definition gauge_group ::
  "('g, 'm) monoid_scheme \<Rightarrow> 'e topology \<Rightarrow> ('e \<Rightarrow> 'x) \<Rightarrow> ('e \<Rightarrow> 'g \<Rightarrow> 'e) \<Rightarrow> ('e \<Rightarrow> 'e) set" where
  "gauge_group G E p act =
     {f. homeomorphic_map E E f \<and>
          (\<forall>e\<in>topspace E. \<forall>g\<in>carrier G. f (act e g) = act (f e) g) \<and>
          (\<forall>e\<in>topspace E. p (f e) = p e)}"

definition gauge_entourage ::
  "('g, 'm) monoid_scheme \<Rightarrow> 'e topology \<Rightarrow> ('e \<Rightarrow> 'x) \<Rightarrow> ('e \<Rightarrow> 'g \<Rightarrow> 'e) \<Rightarrow>
   'x set \<Rightarrow> 'g set \<Rightarrow> (('e \<Rightarrow> 'e) \<times> ('e \<Rightarrow> 'e)) set" where
  "gauge_entourage G E p act K V =
     {(f, h). f \<in> gauge_group G E p act \<and> h \<in> gauge_group G E p act \<and>
        (\<forall>z\<in>topspace E. p z \<in> K \<longrightarrow> bundle_gamma G act (f z) (h z) \<in> V)}"

definition gauge_res :: "('g, 'm) monoid_scheme \<Rightarrow> ('e \<Rightarrow> 'g \<Rightarrow> 'e) \<Rightarrow> 'e \<Rightarrow> ('e \<Rightarrow> 'e) \<Rightarrow> 'g" where
  "gauge_res G act e0 f = bundle_gamma G act (f e0) e0"

text \<open>Uniform continuity of res with respect to the uniform structures generated by the
  fundamental entourages (both families are filter bases).\<close>
definition gauge_res_uniformly_continuous ::
  "('g, 'm) monoid_scheme \<Rightarrow> 'g topology \<Rightarrow> 'e topology \<Rightarrow> 'x topology \<Rightarrow>
   ('e \<Rightarrow> 'x) \<Rightarrow> ('e \<Rightarrow> 'g \<Rightarrow> 'e) \<Rightarrow> 'e \<Rightarrow> bool" where
  "gauge_res_uniformly_continuous G TG E X p act e0 \<longleftrightarrow>
     (\<forall>V\<in>sym_nhds_one G TG. \<exists>K W. compactin X K \<and> W \<in> sym_nhds_one G TG \<and>
        gauge_entourage G E p act K W \<subseteq>
          {(f, h). (gauge_res G act e0 f, gauge_res G act e0 h) \<in> group_entourage G V})"

end

theory Submission
  imports Defs
begin

text \<open>
  Both claims only involve the fibre over the base point. If \<open>\<chi>(e0) = e0 \<cdot> a\<close> and
  \<open>\<chi>'(e0) = e0 \<cdot> b\<close>, then \<open>\<gamma>(\<chi>(e0), \<chi>'(e0)) = b\<inverse>a\<close>, so the entourage \<open>O({*}, W)\<close> controls
  \<open>b\<inverse>a\<close>; in a SIN group a conjugation-invariant neighbourhood turns this into control of
  \<open>ab\<inverse> = b (b\<inverse>a) b\<inverse>\<close>.

  For surjectivity, take a trivialisation \<open>\<phi>\<close> over \<open>U = {u\<^sub>j > 0}\<close> containing \<open>*\<close>. A path from
  \<open>1\<close> to a conjugate of \<open>g\<close>, reparametrised by \<open>u\<^sub>j\<close>, gives \<open>\<Gamma> : X \<rightarrow> G\<close> which is \<open>1\<close> where
  \<open>u\<^sub>j \<le> u\<^sub>j(*)/2\<close>. Then \<open>\<psi>(e) = \<phi>\<^sub>2(e)\<inverse> \<Gamma>(p e) \<phi>\<^sub>2(e)\<close> over \<open>U\<close> and \<open>\<psi> = 1\<close> elsewhere is
  continuous and satisfies \<open>\<psi>(e k) = k\<inverse> \<psi>(e) k\<close>, which is exactly what makes
  \<open>e \<mapsto> e \<cdot> \<psi>(e)\<close> a gauge transformation; its value at \<open>e0\<close> is \<open>g\<close>.
\<close>

lemma continuous_map_group_mult:
  assumes "topological_group G TG" "continuous_map Z TG f" "continuous_map Z TG g"
  shows "continuous_map Z TG (\<lambda>z. f z \<otimes>\<^bsub>G\<^esub> g z)"
proof -
  have "continuous_map Z (prod_topology TG TG) (\<lambda>z. (f z, g z))"
    using assms by (simp add: continuous_map_paired)
  moreover have "continuous_map (prod_topology TG TG) TG (\<lambda>(a, b). a \<otimes>\<^bsub>G\<^esub> b)"
    using assms(1) by (simp add: topological_group_def)
  ultimately show ?thesis
    using continuous_map_compose[of Z _ "\<lambda>z. (f z, g z)" TG "\<lambda>(a, b). a \<otimes>\<^bsub>G\<^esub> b"]
    by (simp add: o_def)
qed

☆ ☆ ☆

### Task brief
Pull every line containing the word "open" out of the entries above.

### Task output
text \<open>Uniform continuity of res with respect to the uniform structures generated by the
text \<open>
  Both claims only involve the fibre over the base point. If \<open>\<chi>(e0) = e0 \<cdot> a\<close> and
  \<open>\<chi>'(e0) = e0 \<cdot> b\<close>, then \<open>\<gamma>(\<chi>(e0), \<chi>'(e0)) = b\<inverse>a\<close>, so the entourage \<open>O({*}, W)\<close> controls
  \<open>b\<inverse>a\<close>; in a SIN group a conjugation-invariant neighbourhood turns this into control of
  \<open>ab\<inverse> = b (b\<inverse>a) b\<inverse>\<close>.
  For surjectivity, take a trivialisation \<open>\<phi>\<close> over \<open>U = {u\<^sub>j > 0}\<close> containing \<open>*\<close>. A path from
  \<open>1\<close> to a conjugate of \<open>g\<close>, reparametrised by \<open>u\<^sub>j\<close>, gives \<open>\<Gamma> : X \<rightarrow> G\<close> which is \<open>1\<close> where
  \<open>u\<^sub>j \<le> u\<^sub>j(*)/2\<close>. Then \<open>\<psi>(e) = \<phi>\<^sub>2(e)\<inverse> \<Gamma>(p e) \<phi>\<^sub>2(e)\<close> over \<open>U\<close> and \<open>\<psi> = 1\<close> elsewhere is
  continuous and satisfies \<open>\<psi>(e k) = k\<inverse> \<psi>(e) k\<close>, which is exactly what makes
  \<open>e \<mapsto> e \<cdot> \<psi>(e)\<close> a gauge transformation; its value at \<open>e0\<close> is \<open>g\<close>.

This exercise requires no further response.